From my experience, stricly dog and cat since I am a vet tech by trade, the top two companies are homeagain and avid... both can be scanned at an aproximate distance of 8 inches but its best obviously to have contact with the animal you are trying to scan, in accordance to your other question you need a veterinarian to inject the microchip into the animal barring extenuationg circumstances ie: a hot the vet doesnt want to deal with in hosptial

hope that helps out

SnakesAndStuff Apr 02, 2006 05:53 PM

I use Biomark PIT tags b/c they're based on open standards. I know that the Trovan tags are encrypted, and thus can only be read by Trovan readers. Technically the encryption can be broken and still read, but this is illegal. It is a stupid trick these manufacturers use to have you locked into their one little niche (if the reader ever messes up, breaks etc, guess who you HAVE to buy another one from???). Biomark tags are not encrypted and can be read by any reader that conforms to the open standards set forth by the ISO standard 11784/11785 guidelines. I've used these on dozens of animals and it works great for me.
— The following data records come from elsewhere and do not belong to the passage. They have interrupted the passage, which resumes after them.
lemma Delta_fuchsian:
  assumes "\<epsilon> \<in> E"
  shows "fuchsian (Delta r0 r1 z \<epsilon>)"
  unfolding fuchsian_def
proof
  show "psl_subgroup (Delta r0 r1 z \<epsilon>)"
    using assms by (rule Delta_psl_subgroup)
  then show "psl_discrete (Delta r0 r1 z \<epsilon>)"
    by (rule psl_discrete_if_one_isolated[where c = "exp (- z_bound) / 2"])
      (use Delta_one_isolated[OF assms] in auto)
qed

end

theorem mainTheorem2:
  fixes E :: "'e set" and r0 r1 :: "'e \<Rightarrow> 'e" and z :: "'e \<Rightarrow> real" and \<epsilon> :: 'e
  assumes "trivalent_ribbon_graph E r0 r1"
    and "connected_rg E r0 r1"
    and "\<forall>g\<in>E. z (r1 g) = z g"
    and "\<epsilon> \<in> E"
  shows "fuchsian (Delta r0 r1 z \<epsilon>)"
proof -
  interpret weighted_ribbon_graph E r0 r1 z
    using assms(1,3) by unfold_locales (auto simp: trivalent_ribbon_graph_def)
  show ?thesis
    using assms(4) by (rule Delta_fuchsian)
qed

end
As far as how much experience is needed, I'd say have an experienced individual show you how to use them properly, and then you'd be able to mark your own animals (just do it supervised the first few times). I've used them to mark juvie watersnakes with no ill effects. I don't go between the ventrals like some people do, I actually go betwwen the 3/4 or 4/5 dorsal scale rows, work the needle under the ribcage and then inject the tag interperitoneally. If needed, I use some dermabond to seal the wound up if needed (more important on smaller animals).

Personally I'd use a injectable flourescent dye to mark smaller animals (we use them to mark TINY salamanders, and the marked spots glow blue/orange/red or whatever color you injected). Using this sysetm of different colors of dye and different injection locations you can uniquely mark MANY MANY MANY different animals. Then as the animal gets older I'd use a PIT tag.

SnakesAndStuff Apr 02, 2006 05:54 PM

I forgot to mention that the animal looks normal, except when viewed under black light and then you can see the markings...

Ryan Shackleton Apr 04, 2006 12:16 AM

No direct experience but a friend of mine had some carpet pythons from Bob Clark a few years ago that he said Bob chipped with trovans. I'm sure Bob could tell you something about the chips themselves.

joeysgreen Apr 06, 2006 05:30 PM

For what it's worth, I'd inject in a cranial/caudal direction. There is less of a chance that the chip will work it's way out through the opening left by the needle as it crawls away from you upon release.